We hear that at the later stage, there’s a lot of investors piling in. Is that distorting the value of things?

There’s a lot of money chasing very few companies. Historically in the last couple of years there have not been that many asset classes performing well. Technology appeared to be a safe haven or a place or a good opportunity to invest.

In the latest round of Square investment, there was a thing called a ratchet. Could you explain what that is, is that a product of this new era, where these private companies stay private longer and investors want some safety net?

Ratchets aren’t a new thing and they’ve existed in a variety of investor term sheets for a long period of time. In the case of Square, what I will say is company fundamentals are really strong, company is growing nicely year over year. The company has a really strong management team with Jack (Dorsey) at the head and a variety of very strong senior members; we’re quite bullish on the company.

It seems to be one of chief concerns of investors, the dual role of Jack Dorsey as CEO of Twitter and Square. Can Jack really run two publicly traded companies at the same time?

If anyone can do it, Jack can. Jack is extremely talented, he’s extremely hard working. He’s developed a really, really deep bench at these companies of very talented operators who helped build the company with him. As we all know, it’s not a single person that builds the company, it’s a combination of the senior management team, the broader teams, and the individual contributors that make everything work. The bench strength you’re looking at in these companies is really important in terms of evaluating how these companies can operate as public companies.

Do you see any parallels between the last big booms and busts?

In the 2001 era, a lot of it was companies going public with really no real revenue. It was my company going public, your company going public, Jessica’s company going public, we all just traded revenue with each other.

2008 was not a Silicon Valley issue, it was a global issue, which hit Silicon Valley and everywhere pretty hard. (Silicon Valley) recovered pretty quickly from that. There were big companies that were very successful — Apple, Google, Facebook, to name a few. And there were a variety of other companies being built shortly thereafter — Pinterest, Uber, Airbnb, Dropbox.

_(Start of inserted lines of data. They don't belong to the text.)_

lemma denoiser_eq_reweight_loo_mass:
  "denoiser p0 a l xt = reweight (qkern a (xt l)) (loo_mass p0 a l xt)"
proof -
  let ?q = "qkern a (xt l)"
  have fiber: "(\<Sum>x0\<in>{x0. x0 l = i}. joint p0 a x0 xt) = loo_mass p0 a l xt $ i * ?q i" for i
    by (simp add: loo_mass_def joint_eq_joint_loo[where l = l] sum_distrib_right)
  have "(\<Sum>x0\<in>UNIV. joint p0 a x0 xt) = (\<Sum>i\<in>UNIV. \<Sum>x0\<in>{x0. x0 l = i}. joint p0 a x0 xt)"
    using sum.group[of UNIV UNIV "\<lambda>x0. x0 l" "\<lambda>x0. joint p0 a x0 xt"] by simp
  then have total: "(\<Sum>x0\<in>UNIV. joint p0 a x0 xt) = (\<Sum>i\<in>UNIV. loo_mass p0 a l xt $ i * ?q i)"
    by (simp add: fiber)
  show ?thesis
    unfolding denoiser_def vec_eq_iff sum_scaleR_tok_nth
    by (simp add: post_def fiber total reweight_def)
qed

lemma joint_loo_nonneg:
  assumes "0 \<le> a" "a < 1"
  shows "joint_loo p0 a l xt x0 \<ge> 0"
  unfolding joint_loo_def
  by (intro mult_nonneg_nonneg prod_nonneg pmf_nonneg) (simp add: less_imp_le qkern_pos[OF assms])

lemma sum_loo_mass_pos:
  assumes "0 \<le> a" "a < 1"
  shows "(\<Sum>i\<in>UNIV. loo_mass p0 a l xt $ i) > 0"
proof -
  obtain x1 where "x1 \<in> set_pmf p0"
    using set_pmf_not_empty by fastforce
  then have "joint_loo p0 a l xt x1 > 0"
    using qkern_pos[OF assms] pmf_nonneg[of p0 x1]
    by (auto simp: joint_loo_def set_pmf_iff intro!: mult_pos_pos prod_pos)
  then show ?thesis
    unfolding sum_loo_mass using joint_loo_nonneg[OF assms] by (metis UNIV_I finite sum_pos2)
qed

lemma loo_nonneg:
  assumes "0 \<le> a" "a < 1"
  shows "loo p0 a l xt $ i \<ge> 0"
proof -
  have "loo_mass p0 a l xt $ i \<ge> 0"
    unfolding loo_mass_def by (simp add: sum_nonneg joint_loo_nonneg[OF assms])
  then show ?thesis
    using sum_loo_mass_pos[OF assms, of p0 l xt] by (simp add: loo_eq_loo_mass)
qed

lemma sum_loo:
  assumes "0 \<le> a" "a < 1"
  shows "(\<Sum>i\<in>UNIV. loo p0 a l xt $ i) = 1"
  using sum_loo_mass_pos[OF assms, of p0 l xt]
  by (simp add: loo_eq_loo_mass flip: sum_divide_distrib)

lemma denoiser_eq_reweight_loo:
  assumes "0 \<le> a" "a < 1"
  shows "denoiser p0 a l xt = reweight (qkern a (xt l)) (loo p0 a l xt)"
  using sum_loo_mass_pos[OF assms, of p0 l xt]
  by (simp add: denoiser_eq_reweight_loo_mass loo_eq_loo_mass reweight_scaleR)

If you look at today, there is a lot of money chasing technology, but the difference between today and 1999/2001, there are lot of companies generating real revenue based off real products. It’s hard to tell whether valuations are correct. You basically only need one investor to be willing to write a relatively large check to set a valuation in the private market.

What’s your personal investing philosophy?

First, a really good entrepreneur, we like to say, ‘a killer,’ someone who is emotionally and intellectually very intelligent, unrelenting, is going to run through walls to make something happen. This person usually has a vision of the future that is different from what everyone else says. They have a clear, articulate way of selling a vision. Second, it’s a large market; sometimes the markets don’t exist today, but it needs to be a large market in the future.

What about artificial intelligence? Is it becoming a big part of start-ups?

It’s definitely the future. The way that we think about AI, in for example the medical context, is that we think that the function of humans will largely be replaced in medicine. If you think about  the training of a  doctor, and many of my best friends are doctors, they go through years and years of schooling to learn certain patterns and learn certain rules, and observe certain behaviors from patients, and they also gather certain data from patients, and from that they make a diagnosis based upon the best engine they have in their head. There will be a time in the future, maybe in the next 5-10 years where this is done via machine, and the human can easily validate.